◆ **Problem to solve**:
Out of the entries that follow, copy each line containing "lemma".

Records from a collection
lemma compact_quadratic_form_bounded:
  fixes A :: "'a::topological_space \<Rightarrow> real^'n^'n"
  assumes "compact C" "continuous_on C A"
  obtains M where "\<And>x u. x \<in> C \<Longrightarrow> norm u = 1 \<Longrightarrow> u \<bullet> (A x *v u) \<le> M"
proof -
  obtain M where "\<forall>q\<in>(\<lambda>p. snd p \<bullet> (A (fst p) *v snd p)) ` (C \<times> sphere 0 1). \<bar>q\<bar> \<le> M"
    using compact_imp_bounded[OF compact_quadratic_form_image[OF assms]] by (auto simp: bounded_iff)
  then show ?thesis by (intro that[of M]) force
qed

lemma compact_pos_def_uniform:
  fixes B :: "'a::topological_space \<Rightarrow> real^'n^'n"
  assumes "compact C" "continuous_on C B" "\<forall>x\<in>C. pos_def (B x)"
  obtains m where "m > 0" "\<And>x u. x \<in> C \<Longrightarrow> norm u = 1 \<Longrightarrow> m \<le> u \<bullet> (B x *v u)"
proof (cases "C = {}")
  case False
  define Q where "Q = (\<lambda>p. snd p \<bullet> (B (fst p) *v snd p)) ` (C \<times> sphere (0::real^'n) 1)"
  obtain u1 :: "real^'n" where "norm u1 = 1" using vector_choose_size[of 1] by auto
  then have "Q \<noteq> {}" using False by (auto simp: Q_def)
  then obtain m where m: "m \<in> Q" "\<And>q. q \<in> Q \<Longrightarrow> m \<le> q"
    using compact_attains_inf[OF compact_quadratic_form_image[OF assms(1,2)]] Q_def by metis
  show ?thesis
  proof (rule that)
    from m(1) obtain x u where "x \<in> C" "norm u = 1" "m = u \<bullet> (B x *v u)"
      by (auto simp: Q_def)
    moreover have "u \<noteq> 0" using \<open>norm u = 1\<close> by auto
    ultimately show "m > 0"
      using assms(3) by (simp add: pos_def_def)
    show "m \<le> u \<bullet> (B x *v u)" if "x \<in> C" "norm u = 1" for x u
    proof (rule m(2))
      have "(x, u) \<in> C \<times> sphere 0 1" using that by simp
      then show "u \<bullet> (B x *v u) \<in> Q" unfolding Q_def by (rule rev_image_eqI) simp
    qed
  qed
qed (use that[of 1] in auto)

lemma eventually_neg_def_add_scaleR:
  fixes A B :: "'a::topological_space \<Rightarrow> real^'n^'n"
  assumes "compact C" "continuous_on C A" "continuous_on C B" "\<forall>x\<in>C. pos_def (B x)"
  shows "\<forall>\<^sub>F t in at_bot. \<forall>x\<in>C. neg_def (A x + t *\<^sub>R B x)"
proof -
  obtain M where M: "\<And>x u. x \<in> C \<Longrightarrow> norm u = 1 \<Longrightarrow> u \<bullet> (A x *v u) \<le> M"
    using compact_quadratic_form_bounded[OF assms(1,2)] by blast
  obtain m where m: "m > 0" "\<And>x u. x \<in> C \<Longrightarrow> norm u = 1 \<Longrightarrow> m \<le> u \<bullet> (B x *v u)"
    using compact_pos_def_uniform[OF assms(1,3,4)] by blast
  have "neg_def (A x + t *\<^sub>R B x)" if "t \<le> - (\<bar>M\<bar> + 1) / m" "x \<in> C" for t x
    unfolding neg_def_iff_unit quadratic_form_add_scaleR
  proof (intro allI impI)
    fix u :: "real^'n" assume u: "norm u = 1"
    have "(\<bar>M\<bar> + 1) / m > 0" using m(1) by simp
    then have "t < 0" using that(1) by linarith
    then have "t * (u \<bullet> (B x *v u)) \<le> t * m" using m(2)[OF that(2) u] by simp
    also have "\<dots> \<le> - (\<bar>M\<bar> + 1)" using that(1) m(1) by (simp add: field_simps)
    finally show "u \<bullet> (A x *v u) + t * (u \<bullet> (B x *v u)) < 0"
      using M[OF that(2) u] by linarith
  qed
  then show ?thesis by (auto simp: eventually_at_bot_linorder)
qed

lemma neg_def_add_scaleR_mono:
  fixes A B :: "real^'n^'n"
  assumes "neg_def (A + t *\<^sub>R B)" "pos_def B" "t' \<le> t"
  shows "neg_def (A + t' *\<^sub>R B)"
  unfolding neg_def_def quadratic_form_add_scaleR
proof (intro allI impI)
  fix v :: "real^'n" assume "v \<noteq> 0"
  then have "v \<bullet> (A *v v) + t * (v \<bullet> (B *v v)) < 0" "v \<bullet> (B *v v) > 0"
    using assms(1,2) by (auto simp: neg_def_def pos_def_def quadratic_form_add_scaleR)
  moreover have "t' * (v \<bullet> (B *v v)) \<le> t * (v \<bullet> (B *v v))"
    using calculation(2) assms(3) by (simp add: mult_right_mono)
  ultimately show "v \<bullet> (A *v v) + t' * (v \<bullet> (B *v v)) < 0" by linarith
qed

lemma exhausting_components:
  fixes N :: "real \<Rightarrow> 'a::euclidean_space set"
  assumes "convex S" "S \<noteq> {}" "\<And>t. N t \<subseteq> S" "\<And>t t'. t' \<le> t \<Longrightarrow> N t \<subseteq> N t'"
    and exhaust: "\<And>C. compact C \<Longrightarrow> C \<subseteq> S \<Longrightarrow> \<forall>\<^sub>F t in at_bot. C \<subseteq> N t"
    and "compact K" "K \<subseteq> S"
  shows "\<exists>sK \<ge> 0. \<exists>U. (\<forall>t < -sK. U t \<in> components (N t) \<and> K \<subseteq> U t) \<and>
           (\<forall>t t'. t' < t \<and> t < -sK \<longrightarrow> U t \<subseteq> U t') \<and> (\<Union>t\<in>{..< -sK}. U t) = S"
proof -
  obtain x0 where x0: "x0 \<in> S" using assms(2) by blast
  define C0 where "C0 = convex hull (insert x0 K)"
  have "compact C0" unfolding C0_def using assms(6) by (intro compact_convex_hull compact_insert)
  moreover have "C0 \<subseteq> S" unfolding C0_def using x0 assms(1,7) by (intro hull_minimal) auto
  ultimately obtain T where T: "\<And>t. t \<le> T \<Longrightarrow> C0 \<subseteq> N t"
    using exhaust unfolding eventually_at_bot_linorder by blast
  define sK where "sK = max 0 (- T)"
  define U where "U t = connected_component_set (N t) x0" for t
  have x0C0: "x0 \<in> C0" unfolding C0_def by (simp add: hull_inc)
  have C0N: "C0 \<subseteq> N t" if "t < -sK" for t
    using T that by (simp add: sK_def)
  have components: "U t \<in> components (N t)" if "t < -sK" for t
    unfolding components_iff U_def using C0N[OF that] x0C0 by blast
  have "K \<subseteq> C0" unfolding C0_def by (meson hull_subset subset_insertI subset_trans)
  moreover have "C0 \<subseteq> U t" if "t < -sK" for t
    unfolding U_def
  proof (rule connected_component_maximal[OF x0C0 _ C0N[OF that]])
    show "connected C0" unfolding C0_def by (simp add: convex_connected)
  qed
  ultimately have K: "K \<subseteq> U t" if "t < -sK" for t using that by blast
  have mono: "U t \<subseteq> U t'" if "t' < t" for t t'
    unfolding U_def using assms(4) that by (simp add: connected_component_mono)
  have "y \<in> (\<Union>t\<in>{..< -sK}. U t)" if y: "y \<in> S" for y
  proof -
    have "closed_segment x0 y \<subseteq> S" using assms(1) x0 y by (simp add: closed_segment_subset)
    then have "\<forall>\<^sub>F t in at_bot. closed_segment x0 y \<subseteq> N t"
      by (rule exhaust[OF compact_segment])
    then have "\<forall>\<^sub>F t in at_bot. closed_segment x0 y \<subseteq> N t \<and> t < -sK"
      using eventually_gt_at_bot by (rule eventually_conj)
    moreover have "(at_bot :: real filter) \<noteq> bot" by simp
    ultimately obtain t where t: "closed_segment x0 y \<subseteq> N t" "t < -sK"
      using eventually_happens' by blast
    have "closed_segment x0 y \<subseteq> U t"
      unfolding U_def using t(1) by (intro connected_component_maximal) auto
    then show ?thesis using t(2) by auto
  qed
  moreover have "U t \<subseteq> S" for t
    using assms(3) connected_component_subset unfolding U_def by blast
  ultimately have "(\<Union>t\<in>{..< -sK}. U t) = S" by blast
  moreover have "sK \<ge> 0" by (simp add: sK_def)
  ultimately show ?thesis
    using components K mono by blast
qed

lemma neg_def_pencil_islands:
  fixes A B :: "'a::euclidean_space \<Rightarrow> real^'n^'n"
  assumes "convex S" "S \<noteq> {}" "continuous_on S A" "continuous_on S B" "\<forall>x\<in>S. pos_def (B x)"
    and "compact K" "K \<subseteq> S"
  shows "\<exists>sK \<ge> 0. \<exists>U. (\<forall>t < -sK. U t \<in> components {x \<in> S. neg_def (A x + t *\<^sub>R B x)} \<and> K \<subseteq> U t) \<and>
           (\<forall>t t'. t' < t \<and> t < -sK \<longrightarrow> U t \<subseteq> U t') \<and> (\<Union>t\<in>{..< -sK}. U t) = S"
proof (rule exhausting_components[OF assms(1,2) _ _ _ assms(6,7)])
  show "{x \<in> S. neg_def (A x + t *\<^sub>R B x)} \<subseteq> {x \<in> S. neg_def (A x + t' *\<^sub>R B x)}" if "t' \<le> t" for t t'
    using assms(5) that by (auto intro: neg_def_add_scaleR_mono)
  show "\<forall>\<^sub>F t in at_bot. C \<subseteq> {x \<in> S. neg_def (A x + t *\<^sub>R B x)}" if "compact C" "C \<subseteq> S" for C
  proof -
    have "\<forall>\<^sub>F t in at_bot. \<forall>x\<in>C. neg_def (A x + t *\<^sub>R B x)"
      using that assms(5) by (intro eventually_neg_def_add_scaleR continuous_on_subset[OF assms(3)]
          continuous_on_subset[OF assms(4)]) auto
    then show ?thesis by (rule eventually_mono) (use that(2) in auto)
  qed
qed auto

◆ **Expected answer**:
lemma compact_quadratic_form_bounded:
lemma compact_pos_def_uniform:
lemma eventually_neg_def_add_scaleR:
lemma neg_def_add_scaleR_mono:
lemma exhausting_components:
lemma neg_def_pencil_islands:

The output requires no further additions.